Understanding the function and regulation of PEX5 is crucial for advancing our knowledge of peroxisome biogenesis and its implications for human health and disease.Whether investigating peroxisomal disorders, lipid metabolism, or cellular signaling pathways, the PEX5 Polyclonal Antibody is a valuable tool for researchers looking to explore the complex biology of peroxisomes and their role in various cellular processes.
Product Name:
PEX5 Rabbit Polyclonal Antibody
SKU:
CAB12493
Size:
20uL, 100uL
Isotype:
IgG
Host Species:
Rabbit
Reactivity:
Human,Mouse,Rat
Immunogen:
Recombinant fusion protein containing a sequence corresponding to amino acids 364-631 of human PEX5 (NP_000310.2).

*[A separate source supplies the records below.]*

(* Let $(E_i(0),\,i\in\mathcal S)$ be any initial energy configuration with $0\le E_i(0)\le\overline E_i$. Let $\mathcal S'=\{i\in\mathcal S:E_i(0)<\overline E_i\}$ and $u_0=\min_{i\in\mathcal S'}E_i(0)/P_i$ (with $u_0=\infty$ if $\mathcal S'=\emptyset$). Let $\mathcal S_1=\{i\in\mathcal S:\overline E_i/P_i\le u_0\}$, $\mathcal S_2=\mathcal S\setminus\mathcal S_1$, and $k=\sum_{i\in\mathcal S_2}P_i$. Let $T>0$ and let $(d(t),\,t\in[0,T])$ be a nonnegative, integrable, weakly increasing demand function with $d(0)\ge k$. If some cross-charging policy completely serves $d$ on $[0,T]$ from this initial configuration, then $d$ can also be completely served on $[0,T]$ from this initial configuration by a policy without cross-charging.
   Context: A finite set $\mathcal S$ of energy stores is given. Store $i\in\mathcal S$ has capacity $\overline E_i>0$, maximum discharge rate $P_i>0$, maximum charge rate $P'_i\ge0$ and round-trip efficiency $\eta_i\in(0,1]$. A cross-charging policy is a choice of measurable rate functions $(r_i(t),\,t\ge0)$ with $E_i(t)=E_i(0)-\int_0^t r_i(u)\,du$, subject to $0\le E_i(t)\le\overline E_i$, $-P'_i\le r_i(t)\le P_i$, and $$0\le\sum_{i:\,r_i(t)\ge0}r_i(t)+\sum_{i:\,r_i(t)<0}r_i(t)/\eta_i\le d(t)\quad\text{for all }t$$ (negative $r_i$ means store $i$ is charged, drawing energy at rate $-r_i/\eta_i$ from other stores; no external energy is available). It completely serves $d$ on an interval $I$ if the middle expression equals $d(t)$ for almost every $t\in I$. A policy with all $r_i(t)\ge0$ is one without cross-charging. *)

theory Defs
  imports "HOL-Analysis.Analysis"
begin

definition energy :: "('a \<Rightarrow> real) \<Rightarrow> ('a \<Rightarrow> real \<Rightarrow> real) \<Rightarrow> 'a \<Rightarrow> real \<Rightarrow> real" where
  "energy E0 r i t = E0 i - integral {0..t} (r i)"

definition served :: "'a set \<Rightarrow> ('a \<Rightarrow> real) \<Rightarrow> ('a \<Rightarrow> real \<Rightarrow> real) \<Rightarrow> real \<Rightarrow> real" where
  "served S eta r t = (\<Sum>i\<in>S. if r i t \<ge> 0 then r i t else r i t / eta i)"

definition policy ::
  "'a set \<Rightarrow> ('a \<Rightarrow> real) \<Rightarrow> ('a \<Rightarrow> real) \<Rightarrow> ('a \<Rightarrow> real) \<Rightarrow> ('a \<Rightarrow> real)
   \<Rightarrow> ('a \<Rightarrow> real) \<Rightarrow> (real \<Rightarrow> real) \<Rightarrow> real \<Rightarrow> ('a \<Rightarrow> real \<Rightarrow> real) \<Rightarrow> bool" where
  "policy S Ebar P P' eta E0 d T r \<longleftrightarrow>
     (\<forall>i\<in>S. r i \<in> borel_measurable lebesgue) \<and>
     (\<forall>i\<in>S. \<forall>t\<in>{0..T}. 0 \<le> energy E0 r i t \<and> energy E0 r i t \<le> Ebar i) \<and>
     (\<forall>i\<in>S. \<forall>t\<in>{0..T}. - P' i \<le> r i t \<and> r i t \<le> P i) \<and>
     (\<forall>t\<in>{0..T}. 0 \<le> served S eta r t \<and> served S eta r t \<le> d t)"

definition completely_serves ::
  "'a set \<Rightarrow> ('a \<Rightarrow> real) \<Rightarrow> ('a \<Rightarrow> real \<Rightarrow> real) \<Rightarrow> (real \<Rightarrow> real) \<Rightarrow> real set \<Rightarrow> bool" where
  "completely_serves S eta r d I \<longleftrightarrow> (AE t in lebesgue. t \<in> I \<longrightarrow> served S eta r t = d t)"

definition no_cross_charging :: "'a set \<Rightarrow> ('a \<Rightarrow> real \<Rightarrow> real) \<Rightarrow> real \<Rightarrow> bool" where
  "no_cross_charging S r T \<longleftrightarrow> (\<forall>i\<in>S. \<forall>t\<in>{0..T}. 0 \<le> r i t)"

end

theory Submission
  imports Defs
begin

(*
  Cross-charging never helps: charging a store at rate -r costs the others -r/eta >= -r, so any
  policy that serves d takes at least d(t) from the rates r_i(t) themselves.  Looking at the
  energies at a time s, the stores in S1 are full at time 0, each store in S2 can have lost at
  most P_i s, and together the stores have lost at least k s because d >= k.  Comparing with the
  threshold u0 (every S1 store is exhausted within any b >= u0, no S2 store within b < u0) this
  yields the tail condition
    int_s^T d  <=  sum_i min (P_i (T - s)) (E_i(0))    for all s in [0,T].
  Conversely, the tail condition suffices without cross-charging: one store serves the slice of
  the increasing demand between a level c and c + P_i, with c chosen so that the store spends
  exactly its energy (or c = 0), and the residual demand is again increasing and satisfies the
  tail condition for the remaining stores, by concavity of  b -> sum_i min (P_i b) (E_i(0)).
*)

lemma integral_le_const_atLeastLessThan:
  fixes f :: "real \<Rightarrow> real"
  assumes f: "f integrable_on {a..b}" and "a \<le> b" and le: "\<And>t. t \<in> {a..<b} \<Longrightarrow> f t \<le> K"
  shows "integral {a..b} f \<le> K * (b - a)"
proof -
  let ?g = "\<lambda>t. if t = b then K else f t"
  have "integral {a..b} f = integral {a..b} ?g"
    by (rule integral_spike[of "{b}"]) auto
  also have "\<dots> \<le> integral {a..b} (\<lambda>_. K)"
    by (rule integral_le[OF integrable_spike[OF f, of "{b}"]]) (auto simp: le)
  finally show ?thesis
    using \<open>a \<le> b\<close> by (simp add: mult.commute)
qed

The product of this gene binds to the C-terminal PTS1-type tripeptide peroxisomal targeting signal (SKL-type) and plays an essential role in peroxisomal protein import. Peroxins (PEXs) are proteins that are essential for the assembly of functional peroxisomes. The peroxisome biogenesis disorders (PBDs) are a group of genetically heterogeneous autosomal recessive, lethal diseases characterized by multiple defects in peroxisome function. The peroxisomal biogenesis disorders are a heterogeneous group with at least 14 complementation groups and with more than 1 phenotype being observed in cases falling into particular complementation groups. Although the clinical features of PBD patients vary, cells from all PBD patients exhibit a defect in the import of one or more classes of peroxisomal matrix proteins into the organelle. Defects in this gene are a cause of neonatal adrenoleukodystrophy (NALD), a cause of Zellweger syndrome (ZWS) as well as may be a cause of infantile Refsum disease (IRD). Alternatively spliced transcript variants encoding different isoforms have been identified.
Purification Method:
Affinity purification
Gene ID:
5830
Storage Buffer:
Store at -20℃. Avoid freeze / thaw cycles.Buffer: PBS with 0.01% thimerosal,50% glycerol,pH7.3.
Western blot analysis of various lysates using PEX5 Rabbit pAb (CAB12493) at 1:1000 dilution.Secondary antibody: HRP Goat Anti-Rabbit IgG (H+L) (CABS014) at 1:10000 dilution.Lysates/proteins: 25μg per lane.Blocking buffer: 3% nonfat dry milk in TBST.Detection: ECL Basic Kit (AbGn00020).Exposure time: 10s.